- [Given records]
lemma scaled_second_moment_fold:
  assumes "0 < h" "h < h0"
  shows "integral\<^sup>L M (\<lambda>x. (\<Delta> x h)\<^sup>2 * w x) / h ^ (2 * \<nu>) =
    integral\<^sup>L M (\<lambda>x. (max 0 (\<Delta> x h) / h ^ \<nu>)\<^sup>2 * (1 + exp (- max 0 (\<Delta> x h))) * w x)"
proof -
  let ?p = "\<lambda>x. max 0 (\<Delta> x h)"
  have "integral\<^sup>L M (\<lambda>x. (\<Delta> x h)\<^sup>2 * w x) =
      integral\<^sup>L M (\<lambda>x. ((?p x)\<^sup>2 + (- ?p x)\<^sup>2 * exp (- ?p x)) * w x)"
    by (rule integral_fold[where G="\<lambda>t. t\<^sup>2", OF assms _ _ integrable_error_sq[OF assms]]) simp_all
  moreover have "integral\<^sup>L M (\<lambda>x. (?p x / h ^ \<nu>)\<^sup>2 * (1 + exp (- ?p x)) * w x) =
      integral\<^sup>L M (\<lambda>x. ((?p x)\<^sup>2 + (- ?p x)\<^sup>2 * exp (- ?p x)) * w x / h ^ (2 * \<nu>))"
    by (intro Bochner_Integration.integral_cong refl)
      (simp add: power2_divide_power algebra_simps add_divide_distrib)
  ultimately show ?thesis
    by simp
qed

lemma scaled_mean_fold:
  assumes "0 < h" "h < h0"
  shows "integral\<^sup>L M (\<lambda>x. \<Delta> x h * w x) / h ^ (2 * \<nu>) =
    integral\<^sup>L M (\<lambda>x. max 0 (\<Delta> x h) * (1 - exp (- max 0 (\<Delta> x h))) / h ^ (2 * \<nu>) * w x)"
proof -
  let ?p = "\<lambda>x. max 0 (\<Delta> x h)"
  have "integral\<^sup>L M (\<lambda>x. \<Delta> x h * w x) = integral\<^sup>L M (\<lambda>x. (?p x + - ?p x * exp (- ?p x)) * w x)"
    by (rule integral_fold[where G="\<lambda>t. t", OF assms _ _ integrable_error[OF assms]]) simp_all
  moreover have "integral\<^sup>L M (\<lambda>x. ?p x * (1 - exp (- ?p x)) / h ^ (2 * \<nu>) * w x) =
      integral\<^sup>L M (\<lambda>x. (?p x + - ?p x * exp (- ?p x)) * w x) / h ^ (2 * \<nu>)"
    by (simp add: algebra_simps flip: integral_divide_zero)
  ultimately show ?thesis
    by (simp only:)
qed

lemma second_moment_limit:
  "((\<lambda>h. integral\<^sup>L M (\<lambda>x. (\<Delta> x h)\<^sup>2 * w x) / h ^ (2 * \<nu>)) \<longlongrightarrow>
    integral\<^sup>L M (\<lambda>x. (a x)\<^sup>2 * w x)) (at_right 0)"
proof -
  have "((\<lambda>h. integral\<^sup>L M (\<lambda>x. (\<Delta> x h / h ^ \<nu>)\<^sup>2 * w x)) \<longlongrightarrow>
      integral\<^sup>L M (\<lambda>x. (a x)\<^sup>2 * w x)) (at_right 0)"
  proof (rule integral_dominated_convergence_at_right[OF h0_pos D_integrable])
    show "(\<lambda>x. (\<Delta> x h / h ^ \<nu>)\<^sup>2 * w x) \<in> borel_measurable M" if "0 < h" "h < h0" for h
      using error_measurable[OF that] by measurable
    show "((\<lambda>h. (\<Delta> x h / h ^ \<nu>)\<^sup>2 * w x) \<longlongrightarrow> (a x)\<^sup>2 * w x) (at_right 0)" if "x \<in> space M" for x
      by (intro tendsto_intros scaled_error_lim[OF that])
    show "\<bar>(\<Delta> x h / h ^ \<nu>)\<^sup>2 * w x\<bar> \<le> D x * w x" if "0 < h" "h < h0" "x \<in> space M" for h x
      using mult_right_mono[OF scaled_error_bound[OF that] w_nonneg] w_nonneg[of x]
      by (simp add: abs_mult power2_divide_power)
  qed
  then show ?thesis
    by (simp add: power2_divide_power times_divide_eq_left)
qed

lemma folded_second_moment_limit:
  "((\<lambda>h. integral\<^sup>L M (\<lambda>x. (\<Delta> x h)\<^sup>2 * w x) / h ^ (2 * \<nu>)) \<longlongrightarrow>
    2 * integral\<^sup>L M (\<lambda>x. (max 0 (a x))\<^sup>2 * w x)) (at_right 0)"
proof -
  have "((\<lambda>h. integral\<^sup>L M (\<lambda>x. (max 0 (\<Delta> x h) / h ^ \<nu>)\<^sup>2 * (1 + exp (- max 0 (\<Delta> x h))) * w x))
      \<longlongrightarrow> integral\<^sup>L M (\<lambda>x. 2 * ((max 0 (a x))\<^sup>2 * w x))) (at_right 0)"
  proof (rule integral_dominated_convergence_at_right[OF h0_pos integrable_mult_right[OF D_integrable]])
    show "(\<lambda>x. (max 0 (\<Delta> x h) / h ^ \<nu>)\<^sup>2 * (1 + exp (- max 0 (\<Delta> x h))) * w x) \<in> borel_measurable M"
      if "0 < h" "h < h0" for h
      using error_measurable[OF that] by measurable
    show "((\<lambda>h. (max 0 (\<Delta> x h) / h ^ \<nu>)\<^sup>2 * (1 + exp (- max 0 (\<Delta> x h))) * w x) \<longlongrightarrow>
        2 * ((max 0 (a x))\<^sup>2 * w x)) (at_right 0)" if "x \<in> space M" for x
    proof -
      have "((\<lambda>h. (max 0 (\<Delta> x h) / h ^ \<nu>)\<^sup>2 * (1 + exp (- max 0 (\<Delta> x h))) * w x) \<longlongrightarrow>
          (max 0 (a x))\<^sup>2 * (1 + exp (- max 0 0)) * w x) (at_right 0)"
        by (intro tendsto_intros pos_scaled_error_lim[OF that] error_tendsto_zero[OF that])
      then show ?thesis
        by (simp add: mult_ac)
    qed
    show "\<bar>(max 0 (\<Delta> x h) / h ^ \<nu>)\<^sup>2 * (1 + exp (- max 0 (\<Delta> x h))) * w x\<bar> \<le> 2 * (D x * w x)"
      if "0 < h" "h < h0" "x \<in> space M" for h x
    proof -
      have "(max 0 (\<Delta> x h) / h ^ \<nu>)\<^sup>2 * (1 + exp (- max 0 (\<Delta> x h))) \<le> D x * 2"
        using pos_scaled_error_sq_bound[OF that] order_trans[OF zero_le_power2 pos_scaled_error_sq_bound[OF that]]
        by (intro mult_mono) (auto simp: max_def)
      from mult_right_mono[OF this w_nonneg] show ?thesis
        using w_nonneg[of x] by (simp add: abs_mult mult_ac)
    qed
  qed
  then show ?thesis
    unfolding integral_mult_right_zero
    by (elim Lim_transform_eventually)
      (use eventually_step_size in \<open>eventually_elim, simp add: scaled_second_moment_fold\<close>)
qed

- [Exercise details]
The string "longlongrightarrow" marks the lines to return from the material. Copy each one.

- [Result of this task]
  "((\<lambda>h. integral\<^sup>L M (\<lambda>x. (\<Delta> x h)\<^sup>2 * w x) / h ^ (2 * \<nu>)) \<longlongrightarrow>
  have "((\<lambda>h. integral\<^sup>L M (\<lambda>x. (\<Delta> x h / h ^ \<nu>)\<^sup>2 * w x)) \<longlongrightarrow>
    show "((\<lambda>h. (\<Delta> x h / h ^ \<nu>)\<^sup>2 * w x) \<longlongrightarrow> (a x)\<^sup>2 * w x) (at_right 0)" if "x \<in> space M" for x
  "((\<lambda>h. integral\<^sup>L M (\<lambda>x. (\<Delta> x h)\<^sup>2 * w x) / h ^ (2 * \<nu>)) \<longlongrightarrow>
      \<longlongrightarrow> integral\<^sup>L M (\<lambda>x. 2 * ((max 0 (a x))\<^sup>2 * w x))) (at_right 0)"
    show "((\<lambda>h. (max 0 (\<Delta> x h) / h ^ \<nu>)\<^sup>2 * (1 + exp (- max 0 (\<Delta> x h))) * w x) \<longlongrightarrow>
      have "((\<lambda>h. (max 0 (\<Delta> x h) / h ^ \<nu>)\<^sup>2 * (1 + exp (- max 0 (\<Delta> x h))) * w x) \<longlongrightarrow>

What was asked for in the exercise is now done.